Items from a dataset
section \<open>Polynomials modulo X^M - 1\<close>

lemma cyclic_dvd_monom_sub_monom_mod:
  "(monom 1 M - 1 :: 'a::comm_ring_1 poly) dvd monom c n - monom c (n mod M)"
proof -
  have "monom c n - monom c (n mod M) = monom c (n mod M) * (monom 1 M ^ (n div M) - 1)"
    by (simp add: monom_power mult_monom algebra_simps flip: mult.commute[of M])
  then show ?thesis by (simp add: power_diff_1_eq)
qed

lemma cyclic_dvd_sum_monom_sub_mod:
  "(monom 1 M - 1 :: 'a::comm_ring_1 poly) dvd
    (\<Sum>s\<in>S. monom c (f s)) - (\<Sum>s\<in>S. monom c (f s mod M))"
  unfolding sum_subtractf[symmetric] by (intro dvd_sum cyclic_dvd_monom_sub_monom_mod)

lemma cyclic_dvd_imp_zero:
  fixes P :: "'a::idom poly"
  assumes "(monom 1 M - 1) dvd P" and "\<forall>i\<ge>M. coeff P i = 0"
  shows "P = 0"
proof (rule ccontr)
  assume "P \<noteq> 0"
  then have "coeff P (degree P) \<noteq> 0" by simp
  then have "degree P < M" using assms(2) not_le by blast
  moreover have "M > 0" using \<open>P \<noteq> 0\<close> assms(1) by (cases M) auto
  then have "degree (monom 1 M - 1 :: 'a poly) = M"
    using degree_add_eq_left[of "-1" "monom 1 M :: 'a poly"] by (simp add: degree_monom_eq)
  ultimately show False using dvd_imp_degree_le[OF assms(1) \<open>P \<noteq> 0\<close>] by simp
qed

lemma cyclic_reduction_exists:
  fixes P :: "'a::comm_ring_1 poly"
  assumes "M > 0"
  obtains W where "(monom 1 M - 1) dvd P - W" and "\<forall>i\<ge>M. coeff W i = 0"
proof
  let ?W = "\<Sum>i\<le>degree P. monom (coeff P i) (i mod M)"
  have "P - ?W = (\<Sum>i\<le>degree P. monom (coeff P i) i - monom (coeff P i) (i mod M))"
    by (simp add: sum_subtractf poly_as_sum_of_monoms)
  then show "(monom 1 M - 1) dvd P - ?W"
    by (simp add: dvd_sum cyclic_dvd_monom_sub_monom_mod)
  show "\<forall>i\<ge>M. coeff ?W i = 0"
  proof (intro allI impI)
    fix i assume "i \<ge> M"
    then have "j mod M \<noteq> i" for j using assms mod_less_divisor[OF assms, of j] by linarith
    then show "coeff ?W i = 0" by (simp add: coeff_sum)
  qed
qed

lemma cyclic_dvd_smult_imp_eq:
  fixes R C H :: "'a::idom poly"
  assumes M: "M > 0" and dvd: "(monom 1 M - 1) dvd R + smult c H - C"
    and R: "\<forall>i\<ge>M. coeff R i = 0" and C: "\<forall>i\<ge>M. coeff C i = 0"
  obtains W where "R + smult c W = C"
proof -
  obtain W where W: "(monom 1 M - 1) dvd H - W" and W_coeff: "\<forall>i\<ge>M. coeff W i = 0"
    using cyclic_reduction_exists[OF M] by blast
  have "(monom 1 M - 1) dvd (R + smult c H - C) - smult c (H - W)"
    by (rule dvd_diff[OF dvd dvd_smult[OF W]])
  moreover have "(R + smult c H - C) - smult c (H - W) = R + smult c W - C"
    by (simp add: algebra_simps smult_diff_right)
  moreover have "\<forall>i\<ge>M. coeff (R + smult c W - C) i = 0"
    using R C W_coeff by simp
  ultimately have "R + smult c W - C = 0"
    using cyclic_dvd_imp_zero by metis
  then show ?thesis using that by simp
qed

section \<open>Tilings\<close>

lemma ZM_eq_lessThan: "ZM M = {..<M}"
  by (simp add: ZM_def atLeast0LessThan)

lemma tiling_iff_bij:
  "tiling M A B \<longleftrightarrow> A \<subseteq> {..<M} \<and> B \<subseteq> {..<M} \<and>
     bij_betw (\<lambda>(a, b). (a + b) mod M) (A \<times> B) {..<M}"
proof -
  define f :: "nat \<times> nat \<Rightarrow> nat" where "f = (\<lambda>(a, b). (a + b) mod M)"
  have ex1_iff: "(\<exists>!(a, b). a \<in> A \<and> b \<in> B \<and> (a + b) mod M = z) \<longleftrightarrow>
      (\<exists>!s. s \<in> A \<times> B \<and> f s = z)" for z
    unfolding f_def by (rule arg_cong[where f = Ex1]) (auto simp: fun_eq_iff)
  have "(\<forall>z\<in>{..<M}. \<exists>!s. s \<in> A \<times> B \<and> f s = z) \<longleftrightarrow> bij_betw f (A \<times> B) {..<M}"
    if A: "A \<subseteq> {..<M}"
  proof
    assume ex1: "\<forall>z\<in>{..<M}. \<exists>!s. s \<in> A \<times> B \<and> f s = z"
    have into: "f s \<in> {..<M}" if s: "s \<in> A \<times> B" for s
    proof -
      obtain a b where "s = (a, b)" "a \<in> A" using s by (cases s) auto
      then have "M > 0" using A by auto
      then show ?thesis using \<open>s = (a, b)\<close> by (simp add: f_def)
    qed
    show "bij_betw f (A \<times> B) {..<M}"
    proof (rule bij_betw_imageI)
      show "inj_on f (A \<times> B)"
      proof (rule inj_onI)
        fix s t assume s: "s \<in> A \<times> B" and t: "t \<in> A \<times> B" and "f s = f t"
        have "\<exists>!u. u \<in> A \<times> B \<and> f u = f s" by (rule ex1[rule_format, OF into[OF s]])
        then show "s = t" using s t \<open>f s = f t\<close> by (auto simp only: Ex1_def)
      qed
      have "z \<in> f ` (A \<times> B)" if "z \<in> {..<M}" for z
        using ex1_implies_ex[OF ex1[rule_format, OF that]] by blast
      then show "f ` (A \<times> B) = {..<M}" using into by blast
    qed
  next
    assume bij: "bij_betw f (A \<times> B) {..<M}"
    show "\<forall>z\<in>{..<M}. \<exists>!s. s \<in> A \<times> B \<and> f s = z"
    proof
      fix z assume "z \<in> {..<M}"
      then obtain s where "s \<in> A \<times> B" "f s = z"
        using bij_betw_imp_surj_on[OF bij] by (metis imageE)
      then show "\<exists>!s. s \<in> A \<times> B \<and> f s = z"
        using bij_betw_imp_inj_on[OF bij] by (auto dest: inj_onD)
    qed
  qed
  then show ?thesis unfolding tiling_def ZM_eq_lessThan ex1_iff f_def[symmetric] by blast
qed

lemma tiling_commute:
  assumes "tiling M A B"
  shows "tiling M B A"
proof -
  have "bij_betw prod.swap (B \<times> A) (A \<times> B)"
    by (simp add: bij_betw_def product_swap)
  moreover have "(\<lambda>(a, b). (a + b) mod M) \<circ> prod.swap = (\<lambda>(b, a). (b + a) mod M)"
    by (auto simp: add.commute)
  ultimately show ?thesis
    using assms bij_betw_trans unfolding tiling_iff_bij by metis
qed

lemma tiling_card: "tiling M A B \<Longrightarrow> card A * card B = M"
  unfolding tiling_iff_bij by (auto dest: bij_betw_same_card simp: card_cartesian_product)

lemma tiling_unique:
  assumes "tiling M A B" "a \<in> A" "a' \<in> A" "b \<in> B" "b' \<in> B"
    and "(a + b) mod M = (a' + b') mod M"
  shows "a = a'" and "b = b'"
  using assms bij_betw_imp_inj_on[of "\<lambda>(a, b). (a + b) mod M" "A \<times> B" "{..<M}"]
  unfolding tiling_iff_bij by (auto dest: inj_onD[where x = "(a, b)" and y = "(a', b')"])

TASK DESCRIPTION: Repeat only the lines above, from the first line of the entries through the line that contains "M) * (monom", including both ends.

EXPECTED ANSWER:
section \<open>Polynomials modulo X^M - 1\<close>

lemma cyclic_dvd_monom_sub_monom_mod:
  "(monom 1 M - 1 :: 'a::comm_ring_1 poly) dvd monom c n - monom c (n mod M)"
proof -
  have "monom c n - monom c (n mod M) = monom c (n mod M) * (monom 1 M ^ (n div M) - 1)"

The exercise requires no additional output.